● Work instructions:
On every line of the listing, check for "longleftrightarrow"; copy the lines that have it.
Start of Data for this task
(* Moving u' far enough in the directions of W lands in both cones. *)
lemma span_inter_cone_gen_exchange:
  fixes u u' :: "real^'n"
  assumes B: "is_basis (insert u W)" and notin: "u \<notin> W" "u' \<notin> W"
    and u': "u' = u + (\<Sum>a\<in>W. k a *\<^sub>R a)"
  shows "span (cone_gen (insert u W) \<inter> cone_gen (insert u' W)) = UNIV"
proof -
  let ?C = "cone_gen (insert u W) \<inter> cone_gen (insert u' W)"
  have fin: "finite W" using B by (simp add: is_basis_def)
  have "W \<subseteq> ?C" using generator_in_cone_gen[OF finite.insertI[OF fin]] by blast
  then have W: "W \<subseteq> span ?C" using span_superset by blast
  define M where "M = (\<Sum>a\<in>W. \<bar>k a\<bar>)"
  have "0 \<le> M" by (simp add: M_def sum_nonneg)
  have kM: "0 \<le> k a + M" if "a \<in> W" for a
    using member_le_sum[OF that, of "\<lambda>a. \<bar>k a\<bar>"] fin by (simp add: M_def)
  define p where "p = u' + (\<Sum>a\<in>W. M *\<^sub>R a)"
  have "p = (\<Sum>v\<in>insert u' W. (if v = u' then 1 else M) *\<^sub>R v)"
    using sum_insert_scaleR_if[OF fin notin(2)] by (simp add: p_def)
  then have "p \<in> cone_gen (insert u' W)"
    unfolding cone_gen_def using \<open>0 \<le> M\<close>
    by (intro CollectI exI[of _ "\<lambda>v. if v = u' then 1 else M"]) auto
  moreover have "p = (\<Sum>v\<in>insert u W. (if v = u then 1 else k v + M) *\<^sub>R v)"
    using sum_insert_scaleR_if[OF fin notin(1)]
    by (simp add: p_def u' scaleR_add_left sum.distrib)
  then have "p \<in> cone_gen (insert u W)"
    unfolding cone_gen_def using kM
    by (intro CollectI exI[of _ "\<lambda>v. if v = u then 1 else k v + M"]) auto
  ultimately have "p \<in> ?C" by blast
  then have "p - (\<Sum>a\<in>W. (k a + M) *\<^sub>R a) \<in> span ?C"
    using W by (intro span_diff span_sum span_scale) (auto intro: span_base)
  moreover have "p - (\<Sum>a\<in>W. (k a + M) *\<^sub>R a) = u"
    by (simp add: p_def u' scaleR_add_left sum.distrib)
  ultimately have "insert u W \<subseteq> span ?C" using W by simp
  from span_mono[OF this] have "span (insert u W) \<subseteq> span ?C" by (simp only: span_span)
  then show ?thesis using B by (auto simp: is_basis_def)
qed
(* Let $S$ be a numerical semigroup with minimal generators $e<a_1<\dots<a_t$, and let $n\in S$ with $n\equiv i\pmod e$, $0\le i<e$. Then ${\rm adj}(n)\in{\rm adj}(S_i)$ and ${\rm d}_{\max}(n;S)\le|\mathcal R({\rm adj}(n))|$. In particular, $\mathcal R({\rm adj}(n))$ is nonempty.
   Context: A numerical semigroup is a submonoid of $(\mathbb N,+)$ with finite complement in $\mathbb N$. An $S$-factorization of $n\in S$ is a tuple $(c_0,\dots,c_t)\in\mathbb N^{t+1}$ with $c_0e+\sum c_ia_i=n$, of length $\sum c_i$. ${\rm ord}(n;S)$ is the maximal such length, and ${\rm d}_{\max}(n;S)$ is the number of $S$-factorizations of $n$ of length ${\rm ord}(n;S)$. Let $d_i=a_i-e$, $B=\langle e,d_1,\dots,d_t\rangle$ and $\mathcal D=(e,d_1,\dots,d_t)$. A $B^{\mathcal D}$-factorization of $b\in B$ is $(x_0,\dots,x_t)\in\mathbb N^{t+1}$ with $x_0e+\sum x_id_i=b$, of length $\sum x_i$. $\min{\rm ord}(b;B^{\mathcal D})$ is the minimal such length, and $\mathcal P(b)$ is the set of all of them. Put ${\rm adj}(s)=s-{\rm ord}(s;S)e$ for $s\in S$, and $S_i=\{s\in S:s\equiv i\pmod e\}$. Write ${\rm adj}(S_i)=\{{\rm adj}(s):s\in S_i\}=\{u_0<u_1<\cdots\}$. Define $\mathcal R(u_0)=\mathcal P(u_0)$ and, for $j>0$, $\mathcal R(u_j)=\{\mathbf x\in\mathcal P(u_j):|\mathbf x|<\min{\rm ord}(u_{j-1};B^{\mathcal D})-\frac{u_j-u_{j-1}}{e}\}$. *)

theory Defs
  imports Complex_Main
begin

definition numerical_semigroup :: "nat set \<Rightarrow> bool" where
  "numerical_semigroup S \<longleftrightarrow> 0 \<in> S \<and> (\<forall>x\<in>S. \<forall>y\<in>S. x + y \<in> S) \<and> finite (UNIV - S)"

inductive_set monoid_gen :: "nat set \<Rightarrow> nat set" for G where
  zero: "0 \<in> monoid_gen G"
| step: "x \<in> G \<Longrightarrow> y \<in> monoid_gen G \<Longrightarrow> x + y \<in> monoid_gen G"

definition minimal_generating_system :: "nat set \<Rightarrow> nat set \<Rightarrow> bool" where
  "minimal_generating_system G S \<longleftrightarrow> monoid_gen G = S \<and> (\<forall>H. H \<subset> G \<longrightarrow> monoid_gen H \<noteq> S)"

text \<open>Tuples (c_0,...,c_t) in N^(t+1) are represented as functions nat => nat vanishing above t.
  Generators: e (index 0) and a 1, ..., a t.\<close>

definition tuple_len :: "nat \<Rightarrow> (nat \<Rightarrow> nat) \<Rightarrow> nat" where
  "tuple_len t c = (\<Sum>j\<le>t. c j)"

definition S_facts :: "nat \<Rightarrow> (nat \<Rightarrow> nat) \<Rightarrow> nat \<Rightarrow> nat \<Rightarrow> (nat \<Rightarrow> nat) set" where
  "S_facts e a t n = {c. (\<forall>j>t. c j = 0) \<and> c 0 * e + (\<Sum>j=1..t. c j * a j) = n}"

definition ord_S :: "nat \<Rightarrow> (nat \<Rightarrow> nat) \<Rightarrow> nat \<Rightarrow> nat \<Rightarrow> nat" where
  "ord_S e a t n = Max (tuple_len t ` S_facts e a t n)"

definition dmax :: "nat \<Rightarrow> (nat \<Rightarrow> nat) \<Rightarrow> nat \<Rightarrow> nat \<Rightarrow> nat" where
  "dmax e a t n = card {c \<in> S_facts e a t n. tuple_len t c = ord_S e a t n}"

definition P_facts :: "nat \<Rightarrow> (nat \<Rightarrow> nat) \<Rightarrow> nat \<Rightarrow> nat \<Rightarrow> (nat \<Rightarrow> nat) set" where
  "P_facts e a t b = {x. (\<forall>j>t. x j = 0) \<and> x 0 * e + (\<Sum>j=1..t. x j * (a j - e)) = b}"

definition minord_B :: "nat \<Rightarrow> (nat \<Rightarrow> nat) \<Rightarrow> nat \<Rightarrow> nat \<Rightarrow> nat" where
  "minord_B e a t b = Min (tuple_len t ` P_facts e a t b)"

definition adj :: "nat \<Rightarrow> (nat \<Rightarrow> nat) \<Rightarrow> nat \<Rightarrow> nat \<Rightarrow> nat" where
  "adj e a t s = s - ord_S e a t s * e"

definition S_res :: "nat set \<Rightarrow> nat \<Rightarrow> nat \<Rightarrow> nat set" where
  "S_res S e i = {s \<in> S. s mod e = i}"

definition adj_set :: "nat set \<Rightarrow> nat \<Rightarrow> (nat \<Rightarrow> nat) \<Rightarrow> nat \<Rightarrow> nat \<Rightarrow> nat set" where
  "adj_set S e a t i = adj e a t ` S_res S e i"
(* In the setting described in the context, the matrices $\boldsymbol{\Psi}\in\mathbb{C}^{(2D-2)\times(2D-2)}$ and $\mathbf{F}\in\mathbb{C}^{(M^2-M)\times(M^2-M)}$ are non-singular, and $\overline{\mathbf{J}}\in\{0,1\}^{(M^2-M)\times(2D-2)}$ has full column rank.
   Context: Let $\{m_1,\dots,m_M\}$ be $M$ distinct integers, $\mathbb{D}=\{|m_p-m_q|:1\le p,q\le M\}=\{\ell_0,\dots,\ell_{D-1}\}$ with $0=\ell_0<\ell_1<\dots<\ell_{D-1}$. For $0\le n\le D-1$ let $\mathbf{L}_n\in\{0,1\}^{M\times M}$ with $[\mathbf{L}_n]_{p,q}=1$ if $m_p-m_q=\ell_n$ and $0$ otherwise. Let $\mathbf{J}=[\mathrm{vec}(\mathbf{L}_{D-1}^T),\dots,\mathrm{vec}(\mathbf{L}_1^T),\mathrm{vec}(\mathbf{L}_0),\mathrm{vec}(\mathbf{L}_1),\dots,\mathrm{vec}(\mathbf{L}_{D-1})]\in\{0,1\}^{M^2\times(2D-1)}$ ($\mathrm{vec}$ stacks columns). The indices $(i-1)M+i$, $1\le i\le M$, are the positions of the diagonal entries in $\mathrm{vec}$ of an $M\times M$ matrix. $\overline{\mathbf{J}}$ is obtained from $\mathbf{J}$ by removing its $D$-th column and its rows with indices $(i-1)M+i$, $1\le i\le M$. $\boldsymbol{\Psi}=\begin{bmatrix}\mathbf{I}_{D-1}&-j\mathbf{I}_{D-1}\\ \mathbf{I}_{D-1}&j\mathbf{I}_{D-1}\end{bmatrix}$. Let $\overline{\mathbf{e}}_p\in\mathbb{R}^M$ be the $p$-th standard basis vector. For $1\le p<q\le M$ set $s(p,q)=(p-1)M+q-\frac{p(p+1)}{2}\in\{1,\dots,\frac{M^2-M}{2}\}$. Define $\ddot{\mathbf{F}},\widetilde{\mathbf{F}}\in\{0,\pm1\}^{\frac{M^2-M}{2}\times(M^2-M)}$ by: row $s(p,q)$ of $\ddot{\mathbf{F}}$ (resp. $\widetilde{\mathbf{F}}$) is obtained from the row vector $\overline{\mathbf{e}}_p^T\otimes\overline{\mathbf{e}}_q^T+\overline{\mathbf{e}}_q^T\otimes\overline{\mathbf{e}}_p^T$ (resp. $\overline{\mathbf{e}}_p^T\otimes\overline{\mathbf{e}}_q^T-\overline{\mathbf{e}}_q^T\otimes\overline{\mathbf{e}}_p^T$) by removing its entries with indices $(i-1)M+i$, $1\le i\le M$. Finally $\mathbf{F}=\frac12\begin{bmatrix}\ddot{\mathbf{F}}\\ j\widetilde{\mathbf{F}}\end{bmatrix}$. *)

theory Defs
  imports Complex_Main "Jordan_Normal_Form.DL_Rank" "Jordan_Normal_Form.DL_Submatrix"
begin

text \<open>Conventions: the integers are m 1, ..., m M (1-based, as in the paper).
  Matrices of the Jordan_Normal_Form library are 0-based, so the paper's entry
  (p,q) is entry (p-1,q-1) here, and the paper's vec-index k (1-based) is k-1 here.\<close>

definition diffset :: "nat \<Rightarrow> (nat \<Rightarrow> int) \<Rightarrow> int set" where
  "diffset M m = {\<bar>m p - m q\<bar> | p q. p \<in> {1..M} \<and> q \<in> {1..M}}"

definition numD :: "nat \<Rightarrow> (nat \<Rightarrow> int) \<Rightarrow> nat" where
  "numD M m = card (diffset M m)"

definition lag :: "nat \<Rightarrow> (nat \<Rightarrow> int) \<Rightarrow> nat \<Rightarrow> int" where
  "lag M m n = sorted_list_of_set (diffset M m) ! n"

definition Lmat :: "nat \<Rightarrow> (nat \<Rightarrow> int) \<Rightarrow> nat \<Rightarrow> complex mat" where
  "Lmat M m n = mat M M (\<lambda>(i,j). if m (i+1) - m (j+1) = lag M m n then 1 else 0)"

definition vecm :: "'a mat \<Rightarrow> 'a vec" where
  "vecm A = vec (dim_row A * dim_col A) (\<lambda>k. A $$ (k mod dim_row A, k div dim_row A))"

definition Jmat :: "nat \<Rightarrow> (nat \<Rightarrow> int) \<Rightarrow> complex mat" where
  "Jmat M m = (let D = numD M m in
     mat (M*M) (2*D-1) (\<lambda>(k,c).
       if c < D - 1 then vecm (transpose_mat (Lmat M m (D - 1 - c))) $ k
       else vecm (Lmat M m (c - (D - 1))) $ k))"

text \<open>Diagonal positions (i-1)M+i, 1<=i<=M, in 1-based vec indexing.\<close>
definition diag_idx :: "nat \<Rightarrow> nat set" where
  "diag_idx M = {(i-1)*M + i | i. 1 \<le> i \<and> i \<le> M}"

definition Jbar :: "nat \<Rightarrow> (nat \<Rightarrow> int) \<Rightarrow> complex mat" where
  "Jbar M m = submatrix (Jmat M m) {k. Suc k \<notin> diag_idx M} {c. Suc c \<noteq> numD M m}"

definition Psi :: "nat \<Rightarrow> complex mat" where
  "Psi D = four_block_mat (1\<^sub>m (D-1)) ((-\<i>) \<cdot>\<^sub>m 1\<^sub>m (D-1))
                          (1\<^sub>m (D-1)) (\<i> \<cdot>\<^sub>m 1\<^sub>m (D-1))"

definition sidx :: "nat \<Rightarrow> nat \<Rightarrow> nat \<Rightarrow> nat" where
  "sidx M p q = (p-1)*M + q - p*(p+1) div 2"

text \<open>Row vector e_p^T (Kronecker) e_q^T of length M^2 (0-based index).\<close>
definition kron_e :: "nat \<Rightarrow> nat \<Rightarrow> nat \<Rightarrow> complex vec" where
  "kron_e M p q = vec (M*M) (\<lambda>k. if k = (p-1)*M + (q-1) then 1 else 0)"

definition pq_of :: "nat \<Rightarrow> nat \<Rightarrow> nat \<times> nat" where
  "pq_of M r = (THE pq. 1 \<le> fst pq \<and> fst pq < snd pq \<and> snd pq \<le> M \<and> sidx M (fst pq) (snd pq) = r)"

definition Fdd_full :: "nat \<Rightarrow> complex mat" where
  "Fdd_full M = mat ((M*M - M) div 2) (M*M) (\<lambda>(r,k).
     (case pq_of M (Suc r) of (p,q) \<Rightarrow> (kron_e M p q + kron_e M q p) $ k))"

definition Ftil_full :: "nat \<Rightarrow> complex mat" where
  "Ftil_full M = mat ((M*M - M) div 2) (M*M) (\<lambda>(r,k).
     (case pq_of M (Suc r) of (p,q) \<Rightarrow> (kron_e M p q - kron_e M q p) $ k))"

definition Fdd :: "nat \<Rightarrow> complex mat" where
  "Fdd M = submatrix (Fdd_full M) UNIV {k. Suc k \<notin> diag_idx M}"

definition Ftil :: "nat \<Rightarrow> complex mat" where
  "Ftil M = submatrix (Ftil_full M) UNIV {k. Suc k \<notin> diag_idx M}"

definition Fmat :: "nat \<Rightarrow> complex mat" where
  "Fmat M = (let N = (M*M - M) div 2 in
     mat (M*M - M) (M*M - M) (\<lambda>(i,j).
       if i < N then Fdd M $$ (i,j) / 2 else \<i> * Ftil M $$ (i - N, j) / 2))"

end

theory Submission
  imports Defs
begin

(* \<Psi> has the explicit inverse (1/2) [I I; iI -iI]; F and J-bar have trivial kernels.
   Each pair p < q gives two rows of F, (1/2) (e(p,q) + e(q,p)) and (i/2) (e(p,q) - e(q,p)), which
   force the (p,q)- and (q,p)-coordinates of a kernel vector to vanish.  Column c of J marks the
   vec positions (p,q) with m p - m q equal to the c-th signed lag, in the order -l(D-1), ...,
   -l(1), l(0), ..., l(D-1).  The signed lags are distinct, so a position realising a nonzero one
   is a unit row of J; it lies off the diagonal and survives the deletion of the column of l(0).
   Hence J-bar has a unit row for every column, i.e. full column rank. *)

section \<open>Trivial kernels\<close>

lemma mult_mat_vec_unit_vec:
  fixes A :: "'a::semiring_1 mat"
  assumes "A \<in> carrier_mat n nc" "j < nc"
  shows "A *\<^sub>v unit_vec nc j = col A j"
  using assms by (intro eq_vecI) auto

lemma invertible_mat_if_trivial_kernel:
  fixes A :: "'a::field mat"
  assumes A: "A \<in> carrier_mat n n"
    and ker: "\<And>v. v \<in> carrier_vec n \<Longrightarrow> A *\<^sub>v v = 0\<^sub>v n \<Longrightarrow> v = 0\<^sub>v n"
  shows "invertible_mat A"
proof -
  have "det A \<noteq> 0" using det_0_iff_vec_prod_zero_field[OF A] ker by blast
  from det_non_zero_imp_unit[OF A this, of "()"]
  obtain B where B: "B \<in> carrier_mat n n" "A * B = 1\<^sub>m n" "B * A = 1\<^sub>m n"
    unfolding Units_def ring_mat_def by auto
  show ?thesis unfolding invertible_mat_def inverts_mat_def
    using A B by (intro conjI exI[of _ B]) auto
qed

lemma rank_eq_dim_col_if_trivial_kernel:
  fixes A :: "'a::field mat"
  assumes A: "A \<in> carrier_mat n nc"
    and ker: "\<And>v. v \<in> carrier_vec nc \<Longrightarrow> A *\<^sub>v v = 0\<^sub>v n \<Longrightarrow> v = 0\<^sub>v nc"
  shows "vec_space.rank n A = nc"
proof -
  interpret vec_space "TYPE('a)" n .
  have "distinct (cols A)"
  proof (rule ccontr)
    assume "\<not> distinct (cols A)"
    then obtain i j where ij: "i \<noteq> j" "i < nc" "j < nc" "col A i = col A j"
      using A by (auto simp: distinct_conv_nth)
    let ?v = "unit_vec nc i - unit_vec nc j :: 'a vec"
    have "A *\<^sub>v ?v = col A i - col A j"
      using A ij by (simp add: mult_minus_distrib_mat_vec mult_mat_vec_unit_vec)
    also have "\<dots> = 0\<^sub>v n" using A ij by auto
    finally have "?v = 0\<^sub>v nc" by (rule ker[rotated]) simp
    then have "?v $ i = 0" using ij by simp
    with ij show False by simp
  qed
  moreover have "lin_indpt (set (cols A))"
  proof
    assume "lin_dep (set (cols A))"
    from lin_depE[OF A this \<open>distinct (cols A)\<close>] ker show False by metis
  qed
  ultimately show ?thesis by (rule lin_indpt_full_rank[OF A])
qed

lemma rank_eq_dim_col_if_unit_rows:
  fixes A :: "'a::field mat"
  assumes A: "A \<in> carrier_mat n nc"
    and unit_row: "\<And>c. c < nc \<Longrightarrow> \<exists>i<n. row A i = unit_vec nc c"
  shows "vec_space.rank n A = nc"
proof (rule rank_eq_dim_col_if_trivial_kernel[OF A])
  fix v :: "'a vec" assume v: "v \<in> carrier_vec nc" and Av: "A *\<^sub>v v = 0\<^sub>v n"
  show "v = 0\<^sub>v nc"
  proof (rule eq_vecI)
    fix c assume "c < dim_vec (0\<^sub>v nc :: 'a vec)"
    then obtain i where i: "i < n" "row A i = unit_vec nc c" "c < nc" using unit_row by auto
    have "v $ c = (A *\<^sub>v v) $ i" using A v i by simp
    with Av i show "v $ c = 0\<^sub>v nc $ c" by simp
  qed (use v in simp)
qed

section \<open>Submatrices with infinite index sets\<close>

lemma pick_eq_iff_card_less:
  assumes "infinite S" "k \<in> S"
  shows "pick S j = k \<longleftrightarrow> j = card {a \<in> S. a < k}"
  using card_pick_inf[OF assms(1), of j] pick_card_in_set[OF assms(2)] by auto

lemma card_less_less_card:
  fixes k n :: nat
  assumes "k \<in> S" "k < n"
  shows "card {a \<in> S. a < k} < card {a. a < n \<and> a \<in> S}"
  using assms by (intro psubset_card_mono) auto

lemma row_submatrix_unit_vec:
  assumes J: "infinite J" and i: "i \<in> I" "i < dim_row A" and j: "j \<in> J"
    and row: "row A i = unit_vec (dim_col A) j"
  shows "row (submatrix A I J) (card {a \<in> I. a < i})
         = unit_vec (dim_col (submatrix A I J)) (card {a \<in> J. a < j})"
proof (rule eq_vecI)
  fix j' assume "j' < dim_vec (unit_vec (dim_col (submatrix A I J)) (card {a \<in> J. a < j}))"
  then have j': "j' < card {a. a < dim_col A \<and> a \<in> J}" by (simp add: dim_submatrix)
  have "row (submatrix A I J) (card {a \<in> I. a < i}) $ j' = A $$ (i, pick J j')"
    using submatrix_index[OF card_less_less_card[OF i] j'] pick_card_in_set[OF i(1)] j'
    by (simp add: dim_submatrix card_less_less_card[OF i])
  also have "\<dots> = row A i $ pick J j'" using i pick_le[OF j'] by simp
  also have "\<dots> = (if pick J j' = j then 1 else 0)" using row pick_le[OF j'] by (simp add: unit_vec_def)
  also have "\<dots> = (if j' = card {a \<in> J. a < j} then 1 else 0)"
    using pick_eq_iff_card_less[OF J j] by simp
  finally show "row (submatrix A I J) (card {a \<in> I. a < i}) $ j'
      = unit_vec (dim_col (submatrix A I J)) (card {a \<in> J. a < j}) $ j'"
    using j' by (simp add: dim_submatrix unit_vec_def)
qed (simp add: dim_submatrix)

lemma submatrix_UNIV_index:
  assumes "i < dim_row A" "j < card {j. j < dim_col A \<and> j \<in> J}"
  shows "submatrix A UNIV J $$ (i, j) = A $$ (i, pick J j)"
  using submatrix_index[of i A UNIV j J] assms by (simp add: pick_UNIV)

section \<open>Off-diagonal vec positions\<close>

lemma mult_add_less_square:
  fixes a b M :: nat
  assumes "a < M" "b < M"
  shows "a * M + b < M * M"
proof -
  have "(a + 1) * M \<le> M * M" using assms by (intro mult_le_mono1) simp
  then show ?thesis using assms by simp
qed

lemma mult_add_div_mod:
  fixes a b M :: nat
  assumes "b < M"
  shows "(a * M + b) div M = a" "(a * M + b) mod M = b"
  using assms by simp_all

text \<open>Besides the off-diagonal positions below M * M this set contains every k \<ge> M * M,
  so it is infinite.\<close>
definition offdiag_pos :: "nat \<Rightarrow> nat set" where
  "offdiag_pos M = {k. Suc k \<notin> diag_idx M}"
End of Data for this task
● Task output:
  "numerical_semigroup S \<longleftrightarrow> 0 \<in> S \<and> (\<forall>x\<in>S. \<forall>y\<in>S. x + y \<in> S) \<and> finite (UNIV - S)"
  "minimal_generating_system G S \<longleftrightarrow> monoid_gen G = S \<and> (\<forall>H. H \<subset> G \<longrightarrow> monoid_gen H \<noteq> S)"
  shows "pick S j = k \<longleftrightarrow> j = card {a \<in> S. a < k}"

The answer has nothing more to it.